Quote the entries below from the line with "proof (intro CollectI allI)" through the line with "(k-1) - h (k+1))", both ends included, and only those lines.
### SUPPLIED RECORDS
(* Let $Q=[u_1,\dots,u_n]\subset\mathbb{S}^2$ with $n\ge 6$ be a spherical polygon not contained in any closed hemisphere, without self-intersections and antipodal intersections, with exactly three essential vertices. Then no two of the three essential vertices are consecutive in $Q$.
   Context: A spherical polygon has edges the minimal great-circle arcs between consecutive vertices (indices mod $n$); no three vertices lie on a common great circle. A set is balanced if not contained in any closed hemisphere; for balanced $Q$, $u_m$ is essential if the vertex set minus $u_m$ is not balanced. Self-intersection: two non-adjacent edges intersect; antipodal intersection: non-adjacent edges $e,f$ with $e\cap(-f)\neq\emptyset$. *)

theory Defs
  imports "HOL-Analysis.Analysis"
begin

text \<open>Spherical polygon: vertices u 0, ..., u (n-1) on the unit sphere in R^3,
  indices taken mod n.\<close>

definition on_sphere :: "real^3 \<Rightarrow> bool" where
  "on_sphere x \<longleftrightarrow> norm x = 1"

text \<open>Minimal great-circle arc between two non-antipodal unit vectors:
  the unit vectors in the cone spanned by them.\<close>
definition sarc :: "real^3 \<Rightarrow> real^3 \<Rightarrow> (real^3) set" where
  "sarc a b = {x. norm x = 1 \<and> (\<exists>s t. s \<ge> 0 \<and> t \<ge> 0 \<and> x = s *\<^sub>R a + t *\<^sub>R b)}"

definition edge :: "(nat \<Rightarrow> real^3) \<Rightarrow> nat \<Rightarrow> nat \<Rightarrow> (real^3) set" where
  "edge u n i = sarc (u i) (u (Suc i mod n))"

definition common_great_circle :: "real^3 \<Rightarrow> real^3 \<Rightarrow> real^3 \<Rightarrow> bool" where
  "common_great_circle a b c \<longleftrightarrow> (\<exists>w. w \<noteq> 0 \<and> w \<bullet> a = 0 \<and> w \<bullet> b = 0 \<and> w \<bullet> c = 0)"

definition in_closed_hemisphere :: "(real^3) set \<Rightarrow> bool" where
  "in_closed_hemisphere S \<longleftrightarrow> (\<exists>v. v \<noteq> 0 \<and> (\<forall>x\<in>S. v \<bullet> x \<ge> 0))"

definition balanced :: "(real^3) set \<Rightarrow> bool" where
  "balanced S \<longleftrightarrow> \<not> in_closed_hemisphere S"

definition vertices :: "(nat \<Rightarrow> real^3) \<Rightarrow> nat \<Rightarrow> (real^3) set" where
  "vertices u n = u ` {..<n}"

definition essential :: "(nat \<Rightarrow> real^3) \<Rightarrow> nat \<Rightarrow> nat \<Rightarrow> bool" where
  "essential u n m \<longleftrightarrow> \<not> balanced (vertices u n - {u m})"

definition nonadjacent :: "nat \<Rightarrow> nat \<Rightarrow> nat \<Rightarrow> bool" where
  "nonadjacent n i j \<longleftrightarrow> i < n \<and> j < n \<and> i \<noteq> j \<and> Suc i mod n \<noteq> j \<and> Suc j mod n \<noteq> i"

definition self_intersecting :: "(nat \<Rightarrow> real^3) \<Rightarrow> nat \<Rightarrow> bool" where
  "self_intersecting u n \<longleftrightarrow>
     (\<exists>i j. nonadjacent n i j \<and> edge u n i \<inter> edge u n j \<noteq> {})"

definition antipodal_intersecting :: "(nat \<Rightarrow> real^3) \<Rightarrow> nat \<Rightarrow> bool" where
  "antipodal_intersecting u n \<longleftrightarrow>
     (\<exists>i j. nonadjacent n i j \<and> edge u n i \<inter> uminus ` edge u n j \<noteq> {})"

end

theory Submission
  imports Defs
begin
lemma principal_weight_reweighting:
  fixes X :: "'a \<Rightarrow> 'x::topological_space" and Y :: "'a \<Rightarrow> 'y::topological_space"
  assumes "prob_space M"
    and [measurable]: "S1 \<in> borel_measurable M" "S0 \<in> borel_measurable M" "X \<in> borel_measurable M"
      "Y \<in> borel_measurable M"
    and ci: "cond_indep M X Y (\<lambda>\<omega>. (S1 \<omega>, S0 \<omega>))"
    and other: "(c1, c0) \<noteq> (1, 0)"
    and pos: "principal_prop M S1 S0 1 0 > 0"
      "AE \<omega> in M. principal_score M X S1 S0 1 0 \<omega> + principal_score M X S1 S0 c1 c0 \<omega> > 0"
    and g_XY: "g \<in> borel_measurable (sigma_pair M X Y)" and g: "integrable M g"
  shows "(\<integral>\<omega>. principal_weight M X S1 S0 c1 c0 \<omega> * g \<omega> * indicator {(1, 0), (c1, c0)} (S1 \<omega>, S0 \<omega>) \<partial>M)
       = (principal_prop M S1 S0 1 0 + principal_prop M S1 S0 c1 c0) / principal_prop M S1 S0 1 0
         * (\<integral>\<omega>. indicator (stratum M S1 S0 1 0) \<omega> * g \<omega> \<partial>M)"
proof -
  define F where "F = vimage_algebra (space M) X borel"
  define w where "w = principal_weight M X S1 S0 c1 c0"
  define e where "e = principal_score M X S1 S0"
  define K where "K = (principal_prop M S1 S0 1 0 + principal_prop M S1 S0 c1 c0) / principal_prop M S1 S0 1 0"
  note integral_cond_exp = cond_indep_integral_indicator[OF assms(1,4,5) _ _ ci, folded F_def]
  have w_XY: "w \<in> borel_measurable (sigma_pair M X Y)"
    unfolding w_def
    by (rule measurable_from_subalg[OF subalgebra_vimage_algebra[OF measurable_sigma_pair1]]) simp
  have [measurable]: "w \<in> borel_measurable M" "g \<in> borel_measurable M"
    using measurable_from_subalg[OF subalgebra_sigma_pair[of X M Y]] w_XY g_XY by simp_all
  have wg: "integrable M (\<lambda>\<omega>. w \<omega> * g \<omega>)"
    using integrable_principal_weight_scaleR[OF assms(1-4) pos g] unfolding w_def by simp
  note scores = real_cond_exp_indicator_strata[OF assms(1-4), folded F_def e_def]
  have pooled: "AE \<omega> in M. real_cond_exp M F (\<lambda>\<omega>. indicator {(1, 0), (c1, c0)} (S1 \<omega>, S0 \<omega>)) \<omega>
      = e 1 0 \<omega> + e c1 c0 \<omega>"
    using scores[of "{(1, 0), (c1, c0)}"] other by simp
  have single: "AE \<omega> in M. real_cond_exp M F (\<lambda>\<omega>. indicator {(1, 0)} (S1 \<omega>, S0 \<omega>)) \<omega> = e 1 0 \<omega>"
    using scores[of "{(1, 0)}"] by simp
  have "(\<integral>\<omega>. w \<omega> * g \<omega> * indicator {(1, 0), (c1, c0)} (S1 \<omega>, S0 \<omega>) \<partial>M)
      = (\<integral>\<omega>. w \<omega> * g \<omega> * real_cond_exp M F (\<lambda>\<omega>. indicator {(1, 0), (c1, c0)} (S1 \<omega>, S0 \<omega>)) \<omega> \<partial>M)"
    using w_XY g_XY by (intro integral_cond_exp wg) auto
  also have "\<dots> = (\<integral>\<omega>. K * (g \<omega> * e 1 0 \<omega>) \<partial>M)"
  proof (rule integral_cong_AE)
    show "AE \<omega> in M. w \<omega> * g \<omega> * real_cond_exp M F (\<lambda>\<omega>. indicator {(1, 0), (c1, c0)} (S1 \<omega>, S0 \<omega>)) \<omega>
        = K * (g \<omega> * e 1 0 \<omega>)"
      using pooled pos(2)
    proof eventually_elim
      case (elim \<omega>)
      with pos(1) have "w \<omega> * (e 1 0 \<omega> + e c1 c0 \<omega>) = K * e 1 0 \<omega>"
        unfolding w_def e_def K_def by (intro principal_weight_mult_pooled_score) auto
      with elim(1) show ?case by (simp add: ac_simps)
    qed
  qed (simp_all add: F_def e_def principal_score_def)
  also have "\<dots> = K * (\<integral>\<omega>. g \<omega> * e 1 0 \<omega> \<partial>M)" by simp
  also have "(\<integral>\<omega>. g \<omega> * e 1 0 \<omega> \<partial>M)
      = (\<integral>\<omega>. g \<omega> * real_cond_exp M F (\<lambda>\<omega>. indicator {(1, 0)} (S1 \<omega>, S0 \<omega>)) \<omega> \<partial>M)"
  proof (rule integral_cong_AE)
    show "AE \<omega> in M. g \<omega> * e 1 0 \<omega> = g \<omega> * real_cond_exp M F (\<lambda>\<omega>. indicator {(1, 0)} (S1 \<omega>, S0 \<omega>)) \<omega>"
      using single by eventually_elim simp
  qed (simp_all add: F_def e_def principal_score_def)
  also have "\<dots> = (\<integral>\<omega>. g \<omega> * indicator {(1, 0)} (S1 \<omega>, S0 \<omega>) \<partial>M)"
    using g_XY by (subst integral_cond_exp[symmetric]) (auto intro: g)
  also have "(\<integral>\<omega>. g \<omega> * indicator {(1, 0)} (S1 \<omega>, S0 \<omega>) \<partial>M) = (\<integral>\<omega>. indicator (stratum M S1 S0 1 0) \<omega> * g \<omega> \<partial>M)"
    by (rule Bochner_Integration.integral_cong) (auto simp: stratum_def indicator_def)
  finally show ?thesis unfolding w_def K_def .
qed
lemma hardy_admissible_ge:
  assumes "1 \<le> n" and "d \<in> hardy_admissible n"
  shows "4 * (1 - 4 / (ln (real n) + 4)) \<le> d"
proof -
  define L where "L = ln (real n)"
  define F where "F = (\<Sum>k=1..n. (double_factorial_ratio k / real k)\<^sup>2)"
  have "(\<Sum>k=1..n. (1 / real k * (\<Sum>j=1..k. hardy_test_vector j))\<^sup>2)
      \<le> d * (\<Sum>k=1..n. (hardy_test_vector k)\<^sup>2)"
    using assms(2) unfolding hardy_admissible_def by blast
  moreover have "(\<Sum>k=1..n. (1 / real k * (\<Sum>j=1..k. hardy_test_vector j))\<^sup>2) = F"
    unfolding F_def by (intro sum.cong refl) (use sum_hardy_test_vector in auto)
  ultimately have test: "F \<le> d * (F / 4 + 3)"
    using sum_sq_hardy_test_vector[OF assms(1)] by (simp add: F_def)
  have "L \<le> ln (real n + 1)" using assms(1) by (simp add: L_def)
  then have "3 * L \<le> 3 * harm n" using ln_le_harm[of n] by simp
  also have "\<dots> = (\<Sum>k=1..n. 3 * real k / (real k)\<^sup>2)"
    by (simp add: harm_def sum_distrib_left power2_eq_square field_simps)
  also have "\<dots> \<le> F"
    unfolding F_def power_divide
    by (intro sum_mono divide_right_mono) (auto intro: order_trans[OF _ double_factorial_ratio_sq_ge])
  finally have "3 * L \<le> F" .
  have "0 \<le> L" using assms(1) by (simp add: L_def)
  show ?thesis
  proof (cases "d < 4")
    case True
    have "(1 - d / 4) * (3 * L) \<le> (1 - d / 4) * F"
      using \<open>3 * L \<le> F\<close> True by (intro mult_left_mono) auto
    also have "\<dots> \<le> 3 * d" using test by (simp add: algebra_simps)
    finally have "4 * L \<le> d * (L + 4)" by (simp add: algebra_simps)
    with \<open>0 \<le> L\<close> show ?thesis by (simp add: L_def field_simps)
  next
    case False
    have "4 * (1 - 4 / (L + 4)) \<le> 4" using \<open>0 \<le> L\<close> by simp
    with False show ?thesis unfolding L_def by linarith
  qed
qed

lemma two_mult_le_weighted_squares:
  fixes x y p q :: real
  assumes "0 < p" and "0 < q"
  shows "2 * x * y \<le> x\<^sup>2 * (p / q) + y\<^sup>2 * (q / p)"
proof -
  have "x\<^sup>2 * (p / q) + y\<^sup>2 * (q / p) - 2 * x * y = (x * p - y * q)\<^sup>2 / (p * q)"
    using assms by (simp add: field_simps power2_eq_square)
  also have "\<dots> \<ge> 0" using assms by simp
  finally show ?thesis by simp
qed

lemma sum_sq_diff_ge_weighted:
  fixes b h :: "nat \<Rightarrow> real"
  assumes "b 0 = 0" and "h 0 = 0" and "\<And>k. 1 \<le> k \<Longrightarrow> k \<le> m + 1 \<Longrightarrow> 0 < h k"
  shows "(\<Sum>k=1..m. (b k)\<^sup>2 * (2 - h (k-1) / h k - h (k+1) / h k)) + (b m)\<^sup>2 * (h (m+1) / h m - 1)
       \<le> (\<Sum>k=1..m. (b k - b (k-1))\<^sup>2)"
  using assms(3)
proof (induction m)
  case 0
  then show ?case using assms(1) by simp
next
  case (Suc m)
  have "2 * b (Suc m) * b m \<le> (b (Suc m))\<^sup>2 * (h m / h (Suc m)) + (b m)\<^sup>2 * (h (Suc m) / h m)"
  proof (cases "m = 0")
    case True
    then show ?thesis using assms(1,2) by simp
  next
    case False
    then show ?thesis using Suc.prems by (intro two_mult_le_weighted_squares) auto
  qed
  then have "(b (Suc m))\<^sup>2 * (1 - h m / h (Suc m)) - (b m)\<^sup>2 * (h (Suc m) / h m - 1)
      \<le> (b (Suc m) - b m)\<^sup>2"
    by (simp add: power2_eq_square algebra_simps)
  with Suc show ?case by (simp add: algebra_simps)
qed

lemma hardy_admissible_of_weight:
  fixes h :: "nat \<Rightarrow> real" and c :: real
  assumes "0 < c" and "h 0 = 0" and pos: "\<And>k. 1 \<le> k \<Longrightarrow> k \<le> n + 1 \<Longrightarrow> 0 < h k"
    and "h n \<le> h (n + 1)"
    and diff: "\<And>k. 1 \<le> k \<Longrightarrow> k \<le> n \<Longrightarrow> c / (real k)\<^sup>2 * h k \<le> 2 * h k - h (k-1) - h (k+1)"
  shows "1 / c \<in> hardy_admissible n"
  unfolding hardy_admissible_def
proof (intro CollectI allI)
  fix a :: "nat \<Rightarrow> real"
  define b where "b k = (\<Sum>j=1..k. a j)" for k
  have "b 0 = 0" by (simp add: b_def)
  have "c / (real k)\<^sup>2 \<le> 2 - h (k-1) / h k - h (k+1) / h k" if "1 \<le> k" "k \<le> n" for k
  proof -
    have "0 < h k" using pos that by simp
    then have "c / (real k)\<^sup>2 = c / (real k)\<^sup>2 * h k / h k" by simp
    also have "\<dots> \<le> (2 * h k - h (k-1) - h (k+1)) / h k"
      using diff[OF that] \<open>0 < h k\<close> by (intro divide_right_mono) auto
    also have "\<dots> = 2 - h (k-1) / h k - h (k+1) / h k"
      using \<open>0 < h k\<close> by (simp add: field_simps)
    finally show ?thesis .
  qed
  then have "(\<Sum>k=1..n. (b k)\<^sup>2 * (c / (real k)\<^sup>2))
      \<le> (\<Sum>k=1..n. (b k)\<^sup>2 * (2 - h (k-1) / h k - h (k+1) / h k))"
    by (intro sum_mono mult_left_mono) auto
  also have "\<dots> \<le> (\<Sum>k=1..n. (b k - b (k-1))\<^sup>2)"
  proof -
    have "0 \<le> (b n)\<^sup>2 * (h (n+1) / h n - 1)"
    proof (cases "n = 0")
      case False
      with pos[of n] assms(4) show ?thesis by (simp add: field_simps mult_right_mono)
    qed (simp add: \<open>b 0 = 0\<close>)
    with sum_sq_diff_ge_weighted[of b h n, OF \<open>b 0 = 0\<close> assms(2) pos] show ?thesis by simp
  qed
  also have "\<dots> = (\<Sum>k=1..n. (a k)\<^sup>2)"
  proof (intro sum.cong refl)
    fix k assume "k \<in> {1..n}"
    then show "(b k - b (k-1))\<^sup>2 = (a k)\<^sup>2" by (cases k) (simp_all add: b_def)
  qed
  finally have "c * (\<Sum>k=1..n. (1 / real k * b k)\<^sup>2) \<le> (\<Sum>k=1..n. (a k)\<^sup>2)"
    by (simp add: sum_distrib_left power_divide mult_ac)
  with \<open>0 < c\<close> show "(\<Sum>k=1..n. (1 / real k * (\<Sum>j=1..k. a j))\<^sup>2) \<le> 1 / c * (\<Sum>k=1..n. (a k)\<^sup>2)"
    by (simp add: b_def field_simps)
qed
######
→ **EXERCISE ANSWER**
proof (intro CollectI allI)
  fix a :: "nat \<Rightarrow> real"
  define b where "b k = (\<Sum>j=1..k. a j)" for k
  have "b 0 = 0" by (simp add: b_def)
  have "c / (real k)\<^sup>2 \<le> 2 - h (k-1) / h k - h (k+1) / h k" if "1 \<le> k" "k \<le> n" for k
  proof -
    have "0 < h k" using pos that by simp
    then have "c / (real k)\<^sup>2 = c / (real k)\<^sup>2 * h k / h k" by simp
    also have "\<dots> \<le> (2 * h k - h (k-1) - h (k+1)) / h k"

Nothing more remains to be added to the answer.